MATERIAL FOR THIS EXERCISE:
lemma revenue_stationary_imp_vertex:
  assumes "b > 0" and "a / 2 + c < g" and "p \<ge> 0"
    and deriv: "(revenue M a b g has_real_derivative 0) (at p)"
  shows "p = a / (2 * b)"
proof (cases "b * p > a + c - g")
  case True
  then have "a - 2 * b * p = 0"
    using DERIV_unique[OF deriv revenue_has_derivative_riskless] by simp
  then show ?thesis
    using assms(1) by (simp add: field_simps)
next
  case False
  define \<delta> where "\<delta> = (a - 2 * b * p) / (2 * b)"
  define \<kappa> where "\<kappa> = min ((a - 2 * b * p) / 2) (g - c)"
  have below: "b * p < a / 2"
    using False assms(2) by simp
  text \<open>Below the vertex the revenue rises with slope at least \<open>\<kappa>\<close>, so \<open>r'(p) \<ge> \<kappa> > 0\<close>.\<close>
  have "\<kappa> \<le> 0"
  proof (rule has_real_derivative_ge_of_right_slope[OF deriv])
    show "\<delta> > 0"
      using below assms(1) by (simp add: \<delta>_def)
    fix q assume q: "p < q" "q < p + \<delta>"
    then have "b * q < a / 2"
      using assms(1) by (simp add: \<delta>_def field_simps)
    then have "\<kappa> \<le> min (a - b * (p + q)) (g - c)"
      unfolding \<kappa>_def by (intro min.mono) (simp_all add: field_simps)
    then have "\<kappa> * (q - p) \<le> (q - p) * min (a - b * (p + q)) (g - c)"
      using q by (simp add: mult.commute mult_left_mono)
    also have "\<dots> \<le> revenue M a b g q - revenue M a b g p"
      using q assms by (intro revenue_increment_ge) auto
    finally show "\<kappa> * (q - p) \<le> revenue M a b g q - revenue M a b g p" .
  qed
  moreover have "\<kappa> > 0"
  proof -
    have "0 \<le> b * p"
      using assms(1,3) by simp
    then show ?thesis
      using below assms(2) by (simp add: \<kappa>_def)
  qed
  ultimately show ?thesis by simp
qed

lemma revenue_regret_le:
  assumes tail: "\<And>s. s \<le> c \<Longrightarrow> 1 - cdf_of M s \<le> L * (c - s)" and "L \<ge> 0"
    and "b > 0" and "a / 2 + c \<le> g" and p: "0 \<le> p" "p \<le> a / b"
  shows "revenue M a b g (a / (2 * b)) - revenue M a b g p
    \<le> (b + a * b * L / 2) * (p - a / (2 * b))\<^sup>2"
proof -
  define t where "t = g - (a - b * p)"
  have "0 \<le> a / b"
    using p by linarith
  then have "0 \<le> a"
    using assms(3) by (simp add: zero_le_divide_iff)
  have "p * excess t \<le> a * b * L / 2 * (p - a / (2 * b))\<^sup>2"
  proof (cases "t \<le> c")
    case True
    have "0 \<le> c - t" "c - t \<le> b * (a / (2 * b) - p)"
      using True assms(3,4) by (auto simp: t_def field_simps)
    then have "(c - t)\<^sup>2 \<le> (b * (a / (2 * b) - p))\<^sup>2"
      by (intro power_mono)
    also have "\<dots> = b\<^sup>2 * (p - a / (2 * b))\<^sup>2"
      by (simp add: power2_eq_square algebra_simps)
    finally have "(c - t)\<^sup>2 \<le> b\<^sup>2 * (p - a / (2 * b))\<^sup>2" .
    then have "p * excess t \<le> (a / b) * (L * (b\<^sup>2 * (p - a / (2 * b))\<^sup>2) / 2)"
      using excess_le_quadratic[OF tail True] excess_nonneg[of t] p \<open>L \<ge> 0\<close>
      by (intro mult_mono) (auto intro: order_trans mult_left_mono divide_right_mono)
    also have "\<dots> = a * b * L / 2 * (p - a / (2 * b))\<^sup>2"
      using assms(3) by (simp add: power2_eq_square field_simps)
    finally show ?thesis .
  qed (use \<open>0 \<le> a\<close> assms(2,3) in \<open>simp add: excess_eq_0\<close>)
  then show ?thesis
    using revenue_regret_eq[OF assms(3,4), of p] by (simp add: t_def algebra_simps)
qed

lemma plug_in_revenue_regret_le:
  assumes tail: "\<And>s. s \<le> c \<Longrightarrow> 1 - cdf_of M s \<le> L * (c - s)" and "L \<ge> 0"
    and "a / 2 + c \<le> g" and "0 \<le> a" "a \<le> a_max" and "b_min > 0" "b \<ge> b_min" "b_hat \<ge> b_min"
    and "\<bar>a_hat - a\<bar> \<le> \<alpha>" "\<bar>b_hat - b\<bar> \<le> \<beta>" and "a_hat / (2 * b_hat) \<in> {0..a / b}"
  shows "revenue M a b g (a / (2 * b)) - revenue M a b g (a_hat / (2 * b_hat))
    \<le> 2 * ((2 * b + a * b * L) / 2) * (a_max\<^sup>2 * \<beta>\<^sup>2 / (4 * b_min ^ 4) + \<alpha>\<^sup>2 / (4 * b_min\<^sup>2))"
proof -
  define E where "E = a_max\<^sup>2 * \<beta>\<^sup>2 / (4 * b_min ^ 4) + \<alpha>\<^sup>2 / (4 * b_min\<^sup>2)"
  have "b > 0"
    using assms(6,7) by simp
  have "revenue M a b g (a / (2 * b)) - revenue M a b g (a_hat / (2 * b_hat))
      \<le> (b + a * b * L / 2) * (a_hat / (2 * b_hat) - a / (2 * b))\<^sup>2"
    using assms \<open>b > 0\<close> by (intro revenue_regret_le[OF tail]) auto
  also have "\<dots> \<le> (b + a * b * L / 2) * (2 * E)"
    unfolding E_def using assms \<open>b > 0\<close> by (intro mult_left_mono half_ratio_error_sq_le) auto
  also have "\<dots> = 2 * ((2 * b + a * b * L) / 2) * E"
    by (simp add: algebra_simps)
  finally show ?thesis
    unfolding E_def .
qed

end

theorem mainTheorem4:
  fixes M :: "real measure"
    and a b c L_F a_max b_min \<gamma> :: real
  assumes a_pos: "a > 0" and b_pos: "b > 0" and c_pos: "c > 0" and LF_pos: "L_F > 0"
    and amax_pos: "a_max > 0" and bmin_pos: "b_min > 0"
    and a_le: "a \<le> a_max" and b_ge: "b \<ge> b_min"
    and prob: "prob_space M" and sets_M: "sets M = sets borel"
    and supp: "AE n in M. n \<in> {-c..c}"
    and mean0: "integrable M (\<lambda>n. n)" "(\<integral>n. n \<partial>M) = 0"
    and lip: "\<forall>x y. \<bar>cdf_of M x - cdf_of M y\<bar> \<le> L_F * \<bar>x - y\<bar>"
    and g1: "2 * c < \<gamma>" and g2: "\<gamma> < a - c" and g3: "\<gamma> > a / 2 + c"
  shows "a / (2 * b) \<in> {0..a / b}
    \<and> (\<forall>p \<in> {0..a / b}. revenue M a b \<gamma> p \<le> revenue M a b \<gamma> (a / (2 * b)))
    \<and> (\<forall>p \<in> {0..a / b}. revenue M a b \<gamma> p = revenue M a b \<gamma> (a / (2 * b)) \<longrightarrow> p = a / (2 * b))
    \<and> ((revenue M a b \<gamma>) has_real_derivative 0) (at (a / (2 * b)))
    \<and> (\<forall>p \<in> {0<..<a / b}. ((revenue M a b \<gamma>) has_real_derivative 0) (at p) \<longrightarrow> p = a / (2 * b))
    \<and> (\<forall>\<alpha> \<beta> a_hat b_hat :: real.
         \<alpha> \<ge> 0 \<and> \<beta> \<ge> 0 \<and> b_hat \<ge> b_min \<and> \<bar>a_hat - a\<bar> \<le> \<alpha> \<and> \<bar>b_hat - b\<bar> \<le> \<beta>
         \<and> a_hat / (2 * b_hat) \<in> {0..a / b} \<longrightarrow>
         revenue M a b \<gamma> (a / (2 * b)) - revenue M a b \<gamma> (a_hat / (2 * b_hat))
           \<le> 2 * ((2 * b + a * b * L_F) / 2)
               * (a_max\<^sup>2 * \<beta>\<^sup>2 / (4 * b_min ^ 4) + \<alpha>\<^sup>2 / (4 * b_min\<^sup>2)))"
proof -
  interpret centered_noise M c
    using prob sets_M supp mean0(2)
    by (intro centered_noise.intro bounded_noise.intro bounded_noise_axioms.intro
        centered_noise_axioms.intro)
  let ?r = "revenue M a b \<gamma>" and ?p = "a / (2 * b)"
  have tail: "\<And>s. s \<le> c \<Longrightarrow> 1 - cdf_of M s \<le> L_F * (c - s)"
    by (rule one_minus_cdf_le_of_lipschitz[OF lip])
  show ?thesis
  proof (intro conjI ballI allI impI)
    show "?p \<in> {0..a / b}"
      using a_pos b_pos by (simp add: field_simps)
  next
    fix p assume "p \<in> {0..a / b}"
    then show "?r p \<le> ?r ?p" and "?r p = ?r ?p \<Longrightarrow> p = ?p"
      using revenue_vertex_unique_max[where a = a and b = b and g = \<gamma> and p = p] b_pos g3 by auto
  next
    show "(?r has_real_derivative 0) (at ?p)"
      using revenue_has_derivative_riskless[where a = a and b = b and g = \<gamma> and p = ?p] g3 b_pos by simp
  next
    fix p assume "p \<in> {0<..<a / b}" and "(?r has_real_derivative 0) (at p)"
    then show "p = ?p"
      using revenue_stationary_imp_vertex[where a = a and b = b and g = \<gamma> and p = p] b_pos g3 by auto
  next
    fix \<alpha> \<beta> a_hat b_hat :: real
    assume "\<alpha> \<ge> 0 \<and> \<beta> \<ge> 0 \<and> b_hat \<ge> b_min \<and> \<bar>a_hat - a\<bar> \<le> \<alpha> \<and> \<bar>b_hat - b\<bar> \<le> \<beta>
      \<and> a_hat / (2 * b_hat) \<in> {0..a / b}"
    then show "?r ?p - ?r (a_hat / (2 * b_hat))
      \<le> 2 * ((2 * b + a * b * L_F) / 2) * (a_max\<^sup>2 * \<beta>\<^sup>2 / (4 * b_min ^ 4) + \<alpha>\<^sup>2 / (4 * b_min\<^sup>2))"
      using LF_pos g3 a_pos a_le bmin_pos b_ge
      by (intro plug_in_revenue_regret_le[OF tail]) auto
  qed
qed

end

TASK ITEM: Starting at the line that contains "- ?r (a_hat / (2 * b_hat))", copy every line down to the last line of the records above, exactly as written.

OUTPUT BELOW:
    then show "?r ?p - ?r (a_hat / (2 * b_hat))
      \<le> 2 * ((2 * b + a * b * L_F) / 2) * (a_max\<^sup>2 * \<beta>\<^sup>2 / (4 * b_min ^ 4) + \<alpha>\<^sup>2 / (4 * b_min\<^sup>2))"
      using LF_pos g3 a_pos a_le bmin_pos b_ge
      by (intro plug_in_revenue_regret_le[OF tail]) auto
  qed
qed

end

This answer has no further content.